And, in due course, you'd get a letter back.

For an innocent man who even by the elusive legal standards of Guantánamo is held to have been wrongfully imprisoned for five years and is now at last to be sent home, it was only right and proper that Kurnaz should be awarded his own dedicated aeroplane to transport him from Guantánamo to Ramstein Air Base in Germany on his release. For the journey, he was provided with clean underclothes, a pair of jeans and a white T-shirt.
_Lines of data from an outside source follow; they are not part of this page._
lemma locally_attractiveI_lyapunov:
  assumes solvable: "\<And>x0. W x0 < c \<Longrightarrow> \<exists>x. is_solution_on F x {0..} \<and> x 0 = x0"
  shows "locally_attractive F p"
  unfolding locally_attractive_def
proof -
  obtain d where d: "0 < d" "\<And>z. dist z p < d \<Longrightarrow> W z < c"
    using near[OF c] by auto
  show "\<exists>d>0. \<forall>x0. dist x0 p < d \<longrightarrow> (\<exists>x. is_solution_on F x {0..} \<and> x 0 = x0) \<and>
      (\<forall>x. is_solution_on F x {0..} \<longrightarrow> x 0 = x0 \<longrightarrow> (x \<longlongrightarrow> p) at_top)"
  proof (intro exI[of _ d] conjI allI impI d(1))
    show "\<exists>x. is_solution_on F x {0..} \<and> x 0 = x0" if "dist x0 p < d" for x0
      using solvable d(2) that by blast
  next
    fix x0 x assume "dist x0 p < d" "is_solution_on F x {0..}" "x 0 = x0"
    then have sol: "is_solution_on F x {0..}" and x0: "dist (x 0) p < d" by simp_all
    have bound: "dist (x t) p \<le> sqrt (M * W (x 0) * exp (-k*t))" if t: "0 \<le> t" for t
    proof -
      have sol_t: "is_solution_on F x {0..t}" using sol by (rule is_solution_on_subset) auto
      have "(dist (x t) p)\<^sup>2 \<le> M * W (x t)" using dist_le decay(1)[OF sol_t d(2)[OF x0]] t by simp
      also have "\<dots> \<le> M * W (x 0) * exp (-k*t)"
        using mult_left_mono[OF decay(2)[OF sol_t d(2)[OF x0]] M] t by (simp add: mult.assoc)
      finally show ?thesis by (rule real_le_rsqrt)
    qed
    have "((\<lambda>t. exp (-k*t)) \<longlongrightarrow> 0) at_top"
      using k by (intro filterlim_compose[OF exp_at_bot] filterlim_tendsto_neg_mult_at_bot[OF tendsto_const _ filterlim_ident]) auto
    then have lim: "((\<lambda>t. sqrt (M * W (x 0) * exp (-k*t))) \<longlongrightarrow> 0) at_top"
      using tendsto_real_sqrt[OF tendsto_mult_left[of _ 0 _ "M * W (x 0)"]] by simp
    have ev: "\<forall>\<^sub>F t in at_top. dist (x t) p \<le> sqrt (M * W (x 0) * exp (-k*t))"
      unfolding eventually_at_top_linorder by (intro exI[of _ 0] allI impI bound)
    have "((\<lambda>t. dist (x t) p) \<longlongrightarrow> 0) at_top"
      by (rule tendsto_sandwich[OF _ ev tendsto_const lim]) simp
    then show "(x \<longlongrightarrow> p) at_top" by (rule tendsto_dist_iff[THEN iffD2])
  qed
qed

lemma asymptotically_stable_equilibriumI_lyapunov:
  assumes "F p = 0" and "\<And>x0. W x0 < c \<Longrightarrow> \<exists>x. is_solution_on F x {0..} \<and> x 0 = x0"
  shows "asymptotically_stable_equilibrium F p"
  using assms lyapunov_stableI_lyapunov locally_attractiveI_lyapunov
  by (simp add: asymptotically_stable_equilibrium_def)

end

section \<open>The Jormungand coefficients in closed form\<close>

lemma sint_eq_antiderivative_diff:
  assumes "\<And>x. (P has_real_derivative f x) (at x)"
  shows "sint a b f = P b - P a"
proof -
  have "integral {c..d} f = P d - P c" if "c \<le> d" for c d
    using assms that
    by (intro integral_unique fundamental_theorem_of_calculus)
      (auto simp: has_real_derivative_iff_has_vector_derivative[symmetric] intro: has_field_derivative_at_within)
  then show ?thesis unfolding sint_def by (smt (verit))
qed

definition q0_antideriv :: "real \<Rightarrow> real" where
  "q0_antideriv y = y + s2 * (y^3/2 - y/2)"

definition q2_antideriv :: "real \<Rightarrow> real" where
  "q2_antideriv y = (y^3/2 - y/2) + s2 * (9/20*y^5 - y^3/2 + y/4)"

lemma sint_q0: "sint a b q0 = q0_antideriv b - q0_antideriv a"
  by (rule sint_eq_antiderivative_diff)
    (auto intro!: derivative_eq_intros simp: q0_antideriv_def q0_def s_def p2_def s0_def field_simps)

lemma sint_q2: "sint a b q2 = q2_antideriv b - q2_antideriv a"
  by (rule sint_eq_antiderivative_diff)
    (auto intro!: derivative_eq_intros simp: q2_antideriv_def q2_def s_def p2_def s0_def field_simps
      power2_eq_square power4_eq_xxxx)

lemma fminus0_eq: "fminus0 \<eta> = -17208106841/760000000 + 795117/95000*\<eta> - 153117/95000*\<eta>^3"
  unfolding fminus0_def abar0_def sint_q0 q0_antideriv_def Qc_def Ac_def Bc_def alpha1_def alphai_def
    alpha2_def s0_def s2_def rho_def
  by (simp add: field_simps)

lemma fminus2_eq:
  "fminus2 \<eta> = -51878091740481/1088000000000 - 795117/68000*\<eta> + 474117/34000*\<eta>^3 - 1378053/340000*\<eta>^5"
  unfolding fminus2_def abar2_def sint_q2 q2_antideriv_def Qc_def Ac_def Bc_def Dc_def alpha1_def
    alphai_def alpha2_def s0_def s2_def rho_def
  by (simp add: field_simps)

definition fminus0' :: "real \<Rightarrow> real" where
  "fminus0' \<eta> = 795117/95000 - 459351/95000*\<eta>^2"

definition fminus2' :: "real \<Rightarrow> real" where
  "fminus2' \<eta> = - 795117/68000 + 1422351/34000*\<eta>^2 - 1378053/68000*\<eta>^4"

lemma has_real_derivative_fminus0: "(fminus0 has_real_derivative fminus0' \<eta>) (at \<eta>)"
  unfolding fminus0_eq[abs_def] fminus0'_def
  by (auto intro!: derivative_eq_intros simp: field_simps power2_eq_square)

lemma has_real_derivative_fminus2: "(fminus2 has_real_derivative fminus2' \<eta>) (at \<eta>)"
  unfolding fminus2_eq[abs_def] fminus2'_def
  by (auto intro!: derivative_eq_intros simp: field_simps power2_eq_square power4_eq_xxxx)

lemma has_real_derivative_p2: "(p2 has_real_derivative 3*\<eta>) (at \<eta>)"
  unfolding p2_def[abs_def] by (auto intro!: derivative_eq_intros simp: field_simps power2_eq_square)

text \<open>The \<open>\<eta>\<close>-equation on the slow manifold \<open>T\<^sub>0 = f\<^sub>0(\<eta>)\<close>, \<open>T\<^sub>2 = f\<^sub>2(\<eta>)\<close>, divided by \<open>\<epsilon>\<close>.\<close>

definition slow_drift :: "real \<Rightarrow> real" where
  "slow_drift \<eta> = fminus0 \<eta> + fminus2 \<eta> * p2 \<eta> - Tc"

definition slow_drift' :: "real \<Rightarrow> real" where
  "slow_drift' \<eta> = fminus0' \<eta> + fminus2' \<eta> * p2 \<eta> + fminus2 \<eta> * (3*\<eta>)"

lemma has_real_derivative_slow_drift: "(slow_drift has_real_derivative slow_drift' \<eta>) (at \<eta>)"
  unfolding slow_drift_def[abs_def] slow_drift'_def
  by (auto intro!: derivative_eq_intros has_real_derivative_fminus0 has_real_derivative_fminus2
      has_real_derivative_p2 simp: field_simps)
lemma AutGroup_struc_un_rigid:
  fixes A N :: "('s, 'a) struc"
  assumes arity: "\<forall>s. 0 < ar s" and A: "is_struc ar A" and N: "is_struc ar N"
    and disj: "fst A \<inter> fst N = {}" and rigid: "rigid N"
    and loops: "\<forall>a\<in>fst A. replicate (ar Q) a \<in> snd A Q" and NQ: "snd N Q = {}"
  shows "AutGroup (struc_un A N) \<cong> AutGroup A"
proof -
  define ext where "ext g = (\<lambda>x\<in>fst A \<union> fst N. if x \<in> fst A then g x else x)" for g :: "'a \<Rightarrow> 'a"
  have ext_aut: "ext g \<in> automorphisms (struc_un A N)" if "g \<in> automorphisms A" for g
    unfolding ext_def by (rule extend_automorphism[OF that arity A N disj])
  have maps_A: "g x \<in> fst A" if "g \<in> automorphisms A" "x \<in> fst A" for g x
    using that by (auto simp: automorphisms_def struc_iso_def dest: bij_betwE)
  have "ext \<in> hom (AutGroup A) (AutGroup (struc_un A N))"
  proof (rule homI)
    fix g h assume "g \<in> carrier (AutGroup A)" "h \<in> carrier (AutGroup A)"
    then have gh: "g \<in> automorphisms A" "h \<in> automorphisms A"
      by simp_all
    have "ext (compose (fst A) g h) x = compose (fst (struc_un A N)) (ext g) (ext h) x" for x
      using maps_A[OF gh(2), of x]
      by (cases "x \<in> fst A"; cases "x \<in> fst N") (simp_all add: ext_def compose_def struc_un_def)
    then have "ext (compose (fst A) g h) = compose (fst (struc_un A N)) (ext g) (ext h)" ..
    then show "ext (g \<otimes>\<^bsub>AutGroup A\<^esub> h) = ext g \<otimes>\<^bsub>AutGroup (struc_un A N)\<^esub> ext h"
      using gh ext_aut by (simp add: mult_AutGroup)
  qed (use ext_aut in simp)
  moreover have "bij_betw ext (automorphisms A) (automorphisms (struc_un A N))"
  proof (rule bij_betw_imageI)
    show "inj_on ext (automorphisms A)"
    proof (rule inj_onI)
      fix g h assume gh: "g \<in> automorphisms A" "h \<in> automorphisms A" and eq: "ext g = ext h"
      have "g x = h x" if "x \<in> fst A" for x
        using fun_cong[OF eq, of x] that by (simp add: ext_def)
      then show "g = h"
        using gh by (intro extensionalityI[of _ "fst A"]) (auto simp: automorphisms_def)
    qed
    have "f \<in> ext ` automorphisms A" if f: "f \<in> automorphisms (struc_un A N)" for f
    proof
      show "restrict f (fst A) \<in> automorphisms A"
        by (rule automorphism_struc_un_rigid(1)[OF arity A N disj rigid loops NQ f])
      have "f \<in> extensional (fst A \<union> fst N)"
        using f by (simp add: automorphisms_def struc_un_def)
      then have "f x = ext (restrict f (fst A)) x" for x
        using automorphism_struc_un_rigid(2)[OF arity A N disj rigid loops NQ f, of x]
        by (cases "x \<in> fst A"; cases "x \<in> fst N") (simp_all add: ext_def extensional_def)
      then show "f = ext (restrict f (fst A))" ..
    qed
    then show "ext ` automorphisms A = automorphisms (struc_un A N)"
      using ext_aut by (intro subset_antisym) blast+
  qed
  ultimately have "ext \<in> iso (AutGroup A) (AutGroup (struc_un A N))"
    by (intro isoI) simp_all
  then show ?thesis
    by (rule group.iso_sym[OF group_AutGroup is_isoI])
qed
For his further comfort, ten
US
soldiers were detailed to watch over him on the flight, and when he was handed over to the German reception party, the American officer in command offered his German opposite number a less weighty, more convenient pair of handcuffs for Kurnaz's onward journey, to which the German officer, to his eternal glory, replied:

‘He has committed no crime. Here in Germany he is a free man.'

This was not, however, August Hanning's view.

In 2002, Hanning had denounced Kurnaz as a menace to German security. Since then, his reasons for overriding the German and American interrogators had not to my knowledge been explained. Nevertheless, five years later, in 2007, speaking now in his capacity as intelligence supremo in the Ministry of the Interior, Hanning not only repeated his opposition to Kurnaz's residence in Germany – an active issue, given that Kurnaz was by now back on German
soil – but castigated the
BND
interrogators, who had formerly been under his direct command and had declared Kurnaz harmless, for exceeding their competence.

And when I myself emerged, if belatedly, as a supporter of Kurnaz's cause, Hanning, whom I continue to hold in high regard, gave me a friendly warning that my sympathy was misplaced, but offered no reason. And since no such reason has ever come to public light, or to the knowledge of Kurnaz's respected lawyer, I felt unable to follow his advice. So was there perhaps a higher cause? I almost want to believe so. Was the demonization of Kurnaz a political necessity of some sort? Was Hanning, whom I know as an honourable man, falling on his sword?

Not long ago, Kurnaz came to England to promote the book he had written about his experiences.
*
It had been well received in Germany and translated into a number of languages. I had given it an enthusiastic endorsement. Before beginning his tour, he spent time with us in Hampstead, where at the suggestion of Philippe Sands
QC
, the human rights lawyer, he was invited without notice to speak to the pupils of University College School. He accepted, and spoke as he always speaks: simply and carefully, in the fluent English he taught himself in Guantánamo, not least at the hands of his inquisitors. To a packed audience of mixed students of different beliefs or none, he said that his Muslim faith alone had enabled him to survive. He refused to blame his guards or his torturers. As usual, he made no mention of Hanning or any other German official or politician who had militated against his return. He explained how, on his release, he had given his jailers his home address in Germany for the day when the burden of what they had done became too heavy for them. Only when he is describing his obligation to the fellow prisoners he has left behind does he betray emotion. He will never be silent, he says, for as long as there is one man left in Guantánamo. When he had finished, there
was such a rush to shake his hand that an orderly queue had to be formed.

In my novel
A Most Wanted Man
there is a German-born Turkish man of Murat's age, religion and background. He is called Melik, and he pays a similar price for sins he did not commit. In his bulk, speech and manner he bears a strong resemblance to Murat Kurnaz.